The effect of oil price changes on Tehran Stock Exchange returns by non-line co-integration test

Document Type : Research Paper

Authors

1 Assistant Professor of Economics, Payame Noor University, Tehran, Iran.

2 Assistant Professor and Faculty Member of the Institute of Materials and Energy, Tehran, Iran.

3 Ph.D. Student of Economic Sciences, Department of Economics, Middle University, Islamic Azad University, Midoun, Iran.

4 Master of Science (Economics), Department of Economics, Payame Noor University, Karaj, Iran

Abstract

Abstract
Given the high role of oil and its sales and its price in Iran's economy, as well as the popularity of the general public and economic activists and foreign investors in the Tehran Stock Exchange, the relationship between the changes in crude oil prices and stock returns is significant.

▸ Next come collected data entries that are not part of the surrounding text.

theorem proposition3p1:
  fixes \<Omega> \<Delta> :: "'a::euclidean_space set"
    and \<rho> \<eta> :: "'a \<Rightarrow> real"
  assumes \<Omega>_open: "open \<Omega>" and \<Omega>_bdd: "bounded \<Omega>"
    and \<rho>_smooth: "smooth_fun \<rho>"
    and \<rho>_supp: "compact (closure {x. \<rho> x \<noteq> 0})"
    and \<rho>_range: "\<And>x. 0 \<le> \<rho> x \<and> \<rho> x \<le> 1"
    and \<rho>_zero: "\<And>x. \<rho> x = 0 \<longleftrightarrow> norm x \<ge> 1"
    and \<rho>_radial: "\<And>x y. norm x = norm y \<Longrightarrow> \<rho> x = \<rho> y"
    and \<rho>_half: "\<And>x y. norm x < 1/2 \<Longrightarrow> norm y = 1/2 \<Longrightarrow> \<rho> x \<ge> \<rho> y"
    and \<Delta>_sub: "\<Delta> \<subseteq> closure \<Omega>"
    and \<Theta>_closed: "closed (frontier \<Omega> \<union> \<Delta>)"
    and \<eta>_smooth: "smooth_fun \<eta>"
    and \<eta>_nonneg: "\<And>x. \<eta> x \<ge> 0"
    and \<eta>_zero: "\<eta> -` {0} = frontier \<Omega> \<union> \<Delta>"
    and \<eta>_flat: "\<And>vs x. set vs \<subseteq> Basis \<Longrightarrow> x \<in> frontier \<Omega> \<union> \<Delta> \<Longrightarrow> iter_pd vs \<eta> x = 0"
    and \<eta>_dist: "\<And>x. x \<notin> frontier \<Omega> \<union> \<Delta> \<Longrightarrow> \<eta> x < infdist x (frontier \<Omega> \<union> \<Delta>)"
  shows "\<exists>M1 > 0. \<forall>f. set_integrable lebesgue \<Omega> f \<longrightarrow> (\<forall>lam > 0.
           {x \<in> \<Omega>. \<bar>T_op \<rho> \<eta> f x\<bar> > lam} \<in> sets lebesgue \<and>
           measure lebesgue {x \<in> \<Omega>. \<bar>T_op \<rho> \<eta> f x\<bar> > lam}
             \<le> M1 / lam * (LINT x : \<Omega> | lebesgue. \<bar>f x\<bar>))"
proof -
  define \<Theta> where "\<Theta> = frontier \<Omega> \<union> \<Delta>"
  define C where "C = 5 ^ DIM('a) * measure lebesgue (ball (0::'a) 1) * M_rho \<rho>"
  have \<rho>_cont: "continuous_on UNIV \<rho>" and \<eta>_cont: "continuous_on UNIV \<eta>"
    using \<rho>_smooth \<eta>_smooth by (simp_all add: smooth_fun_imp_continuous)
  have \<rho>_outside: "\<And>z. 1 \<le> norm z \<Longrightarrow> \<rho> z = 0" and \<rho>_inside: "\<And>z. norm z < 1 \<Longrightarrow> 0 < \<rho> z"
    using \<rho>_zero \<rho>_range by (auto simp: order.strict_iff_order)
  have M_pos: "0 < M_rho \<rho>"
    using \<rho>_cont \<rho>_range \<rho>_inside by (intro M_rho_pos borel_measurable_continuous_onI)
  have U_props: "open (\<Omega> - \<Theta>)" "bounded (\<Omega> - \<Theta>)" "\<And>x. x \<in> \<Omega> - \<Theta> \<Longrightarrow> 0 < \<eta> x"
    using \<Omega>_open \<Theta>_closed \<Omega>_bdd \<eta>_nonneg \<eta>_zero
    by (auto simp: \<Theta>_def order.strict_iff_order intro: bounded_subset)
  have U_balls: "ball x (\<eta> x) \<subseteq> \<Omega>" if "x \<in> \<Omega> - \<Theta>" for x
    using that \<eta>_dist[of x] by (intro ball_subset_if_less_infdist[where \<Theta>=\<Theta>]) (auto simp: \<Theta>_def)
  show ?thesis
  proof (intro exI[of _ "C + 1"] conjI allI impI)
    show "0 < C + 1"
      using M_pos by (simp add: C_def add_pos_nonneg)
    fix f :: "'a \<Rightarrow> real" and lam :: real
    assume f: "set_integrable lebesgue \<Omega> f" and lam: "0 < lam"
    have superlevel_split: "{x \<in> \<Omega>. \<bar>T_op \<rho> \<eta> f x\<bar> > lam}
        = {x \<in> \<Omega> - \<Theta>. lam < \<bar>T_op \<rho> \<eta> f x\<bar>} \<union> {x \<in> \<Omega> \<inter> \<Theta>. lam < \<bar>f x\<bar>}"
      using T_op_eq_self[of \<rho> \<eta> _ f] M_pos \<eta>_zero unfolding \<Theta>_def by (auto simp: vimage_def set_eq_iff)
    note inner = T_op_weak_L1_on_open[OF \<rho>_cont \<rho>_range \<rho>_outside \<eta>_cont U_props U_balls f lam]
    note boundary = measure_abs_greater_le_set_integral[OF f _ _ _ lam, of "\<Omega> \<inter> \<Theta>"]
    show "{x \<in> \<Omega>. \<bar>T_op \<rho> \<eta> f x\<bar> > lam} \<in> sets lebesgue"
      unfolding superlevel_split using inner(1) boundary(1) \<Omega>_open \<Theta>_closed by (simp add: \<Theta>_def)
    have "measure lebesgue {x \<in> \<Omega>. \<bar>T_op \<rho> \<eta> f x\<bar> > lam}
        \<le> C / lam * (LINT x:\<Omega>|lebesgue. \<bar>f x\<bar>) + (LINT x:\<Omega>|lebesgue. \<bar>f x\<bar>) / lam"
      unfolding superlevel_split using inner boundary \<Omega>_open \<Theta>_closed
      by (intro measure_Un_le[THEN order_trans] add_mono) (auto simp: \<Theta>_def C_def)
    then show "measure lebesgue {x \<in> \<Omega>. \<bar>T_op \<rho> \<eta> f x\<bar> > lam}
        \<le> (C + 1) / lam * (LINT x:\<Omega>|lebesgue. \<bar>f x\<bar>)"
      using lam by (simp add: field_simps)
  qed
qed

end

This study examines the coexistence and causal relationship between crude oil prices and Tehran Stock Exchange. It seems that the price of crude oil and the stock exchange is related to the exchange rate in the economy, which in fact changes in the price of crude oil have a direct effect on the exchange rate and the exchange rate changes affect the stock exchange. In order to investigate the hypotheses of this study, data on bourse yield, exchange rate and daily OPEC basket price were used during the period of 1383-1393. Also, to investigate the relationship between the variables, the co-integration test has been used. Finally, the co-integration among the variables has been confirmed, and a long-term relationship between the variables studied has been discovered. In fact, there is a coincidence that there is asymmetry in shifting oil price changes to stock exchanges. In the opinion of investors, aggregation of stocks and oil prices, the diversification of investment portfolio by holding capital in the oil and gas market simultaneously does not significantly increase market risk and long-term profitability.